lemma exists_shift_pairwise_comaximal:
  assumes A: "finite A" "A \<subseteq> S" "0 \<notin> A" and a: "a \<in> S" "a \<noteq> 0" "\<not> unit_in S a"
  shows "\<exists>g\<in>S.
           (\<forall>ai\<in>A. 1 + ai * g \<noteq> 0 \<and> \<not> unit_in S (1 + ai * g)) \<and>
           (\<forall>ai\<in>A. ideal_sum (pideal S a) (pideal S (1 + ai * g)) = S) \<and>
           (\<forall>ai\<in>A. \<forall>aj\<in>A. ai \<noteq> aj \<longrightarrow>
              ideal_sum (pideal S (1 + ai * g)) (pideal S (1 + aj * g)) = S)"
proof -
  define P where "P = {(x, y). x \<in> A \<and> y \<in> A \<and> x \<noteq> y}"
  have fP: "finite P"
    using A(1) by (intro finite_subset[of P "A \<times> A"]) (auto simp: P_def)
  have diff_in: "fst q - snd q \<in> S" if "q \<in> P" for q
    using that A(2) by (auto simp: P_def intro!: is_subring_diff[OF subring])
  define D where "D = (\<Prod>q\<in>P. fst q - snd q)"
  have D: "D \<noteq> 0" "D \<in> S"
    using fP diff_in by (auto simp: D_def P_def intro: is_subring_prod[OF subring])
  define B where "B = (\<lambda>ai. ai * a * D) ` A"
  have B: "finite B" "B \<subseteq> S" "0 \<notin> B"
    using A a(1,2) D by (auto simp: B_def is_subring_mult[OF subring])
  obtain h M where h: "h \<in> S"
      "\<forall>b\<in>B. \<exists>X s. \<not> X dvd 1 \<and> X dvd M \<and> s \<in> S \<and> 1 + b * h = \<iota> X * s"
    using exists_shift_with_nonunit_factors[OF B] by auto
  define g where "g = a * D * h"
  have gS: "g \<in> S"
    unfolding g_def using a(1) D(2) h(1) by (simp add: is_subring_mult[OF subring])
  show ?thesis
  proof (intro bexI[OF _ gS] conjI ballI impI)
    fix ai assume ai: "ai \<in> A"
    then have aiS: "ai \<in> S"
      using A(2) by blast
    obtain X s where Xs: "\<not> X dvd 1" "s \<in> S" "1 + (ai * a * D) * h = \<iota> X * s"
      using h(2) ai unfolding B_def by blast
    then have "1 + ai * g = \<iota> X * s"
      by (simp add: g_def mult.assoc mult.left_commute)
    then show "\<not> unit_in S (1 + ai * g)"
      using not_unit_in_image_mult[OF Xs(1,2)] by simp
    have bezout: "a * (- (ai * D * h)) + (1 + ai * g) * 1 = 1"
      by (simp add: g_def algebra_simps)
    have m: "- (ai * D * h) \<in> S"
      using aiS D(2) h(1) by (simp add: is_subring_mult[OF subring] is_subring_uminus[OF subring])
    have "1 + ai * g \<in> S"
      using aiS gS by (simp add: is_subring_add[OF subring] is_subring_mult[OF subring]
          is_subring_1[OF subring])
    then show "ideal_sum (pideal S a) (pideal S (1 + ai * g)) = S"
      by (rule ideal_sum_pideal_eq_if_bezout[OF subring a(1) _ m is_subring_1[OF subring] bezout])
    show "1 + ai * g \<noteq> 0"
    proof
      assume "1 + ai * g = 0"
      with bezout have "a * (- (ai * D * h)) = 1"
        by simp
      with a(3) m show False
        unfolding unit_in_def by blast
    qed
  next
    fix ai aj assume ai: "ai \<in> A" and aj: "aj \<in> A" and ne: "ai \<noteq> aj"
    then have "(ai, aj) \<in> P"
      by (simp add: P_def)
    define E where "E = (\<Prod>q\<in>P - {(ai, aj)}. fst q - snd q)"
    have DE: "D = (ai - aj) * E"
      unfolding D_def E_def using prod.remove[OF fP \<open>(ai, aj) \<in> P\<close>, of "\<lambda>q. fst q - snd q"]
      by simp
    have "g = (ai - aj) * (a * E * h)"
      unfolding g_def DE by (simp add: algebra_simps)
    from one_plus_mult_bezout[OF this]
    show "ideal_sum (pideal S (1 + ai * g)) (pideal S (1 + aj * g)) = S"
    proof (rule ideal_sum_pideal_eq_if_bezout[OF subring, rotated 4])
      have "E \<in> S"
        unfolding E_def using diff_in by (auto intro: is_subring_prod[OF subring])
      then show "1 + ai * (a * E * h) * aj \<in> S" "- (ai * ai * (a * E * h)) \<in> S"
        using ai aj A(2) a(1) h(1)
        by (auto intro!: is_subring_add[OF subring] is_subring_mult[OF subring]
            is_subring_uminus[OF subring] is_subring_1[OF subring])
      show "1 + ai * g \<in> S" "1 + aj * g \<in> S"
        using ai aj A(2) gS
        by (auto intro!: is_subring_add[OF subring] is_subring_mult[OF subring] is_subring_1[OF subring])
    qed
  qed
qed

end

lemma poly_one_plus_X_mult_nonunit:
  fixes C :: "'a::field poly"
  assumes "C \<noteq> 0"
  shows "1 + [:0, 1:] * C \<noteq> 0 \<and> \<not> (1 + [:0, 1:] * C) dvd 1"
proof -
  have "degree ([:0, 1:] * C) = Suc (degree C)"
    using assms by (simp add: degree_mult_eq)
  then have "degree (1 + [:0, 1:] * C) = Suc (degree C)"
    by (subst degree_add_eq_right) auto
  moreover from this have "1 + [:0, 1:] * C \<noteq> 0"
    by (metis degree_0 nat.distinct(1))
  ultimately show ?thesis
    by (simp add: is_unit_iff_degree)
qed

theorem lemma2p17:
  fixes p q :: nat
    and \<phi> :: "'k::{field,finite} poly fract \<Rightarrow> 'L::field"
    and S :: "'L set"
  assumes "prime p" and "odd p" and "CHAR('k) = p" and "card (UNIV :: 'k set) = q" and "\<exists>n. q = p ^ n"
    and "is_separable_closure \<phi>"
    and "is_subring S"
    and "range (\<lambda>r. \<phi> (Fract r 1)) \<subseteq> S"
    and "S \<subseteq> integral_closure (\<lambda>r. \<phi> (Fract r 1))"
  shows "(\<forall>A. finite A \<and> A \<subseteq> S \<longrightarrow>
            (\<exists>x\<in>S. x \<noteq> 0 \<and> \<not> unit_in S x \<and>
               (\<forall>ai\<in>A - {0}. ideal_sum (pideal S x) (pideal S ai) = S)))
      \<and> (\<forall>A a. finite A \<and> A \<subseteq> S \<and> 0 \<notin> A \<and> a \<in> S \<and> a \<noteq> 0 \<and> \<not> unit_in S a \<longrightarrow>
            (\<exists>g\<in>S.
               (\<forall>ai\<in>A. 1 + ai * g \<noteq> 0 \<and> \<not> unit_in S (1 + ai * g)) \<and>
               (\<forall>ai\<in>A. ideal_sum (pideal S a) (pideal S (1 + ai * g)) = S) \<and>
               (\<forall>ai\<in>A. \<forall>aj\<in>A. ai \<noteq> aj \<longrightarrow>
                  ideal_sum (pideal S (1 + ai * g)) (pideal S (1 + aj * g)) = S)))"
proof -
  have "is_ring_hom \<phi>"
    using assms(6) by (simp add: is_separable_closure_def)
  then have hom: "is_ring_hom (\<phi> \<circ> (\<lambda>r. Fract r 1))" and inj: "inj (\<phi> \<circ> (\<lambda>r. Fract r 1))"
    by (simp_all add: is_ring_hom_comp is_ring_hom_Fract_1 inj_compose is_ring_hom_field_inj
        inj_Fract_1)
  interpret integral_subring_nonunit_shifts "\<lambda>r. \<phi> (Fract r 1)" S
  proof
    show "is_ring_hom (\<lambda>r. \<phi> (Fract r 1))" "inj (\<lambda>r. \<phi> (Fract r 1))"
      using hom inj by (simp_all add: comp_def)
    show "\<exists>t. 1 + t * C \<noteq> 0 \<and> \<not> (1 + t * C) dvd 1" if "C \<noteq> 0" for C :: "'k poly"
      using poly_one_plus_X_mult_nonunit[OF that] by blast
  qed (use assms(7-9) in auto)
  show ?thesis
    by (intro conjI allI impI; elim conjE)
      (assumption | rule exists_nonunit_comaximal exists_shift_pairwise_comaximal)+
qed

end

=-=-=-=-=

## Exercise brief
In the entries above, one line contains "proof (rule ideal_sum_pideal_eq_if_bezout[OF" and another contains "is_subring_uminus[OF subring] is_subring_1[OF". Reproduce exactly those two lines and the lines between them, nothing else.

## Solution below
    proof (rule ideal_sum_pideal_eq_if_bezout[OF subring, rotated 4])
      have "E \<in> S"
        unfolding E_def using diff_in by (auto intro: is_subring_prod[OF subring])
      then show "1 + ai * (a * E * h) * aj \<in> S" "- (ai * ai * (a * E * h)) \<in> S"
        using ai aj A(2) a(1) h(1)
        by (auto intro!: is_subring_add[OF subring] is_subring_mult[OF subring]
            is_subring_uminus[OF subring] is_subring_1[OF subring])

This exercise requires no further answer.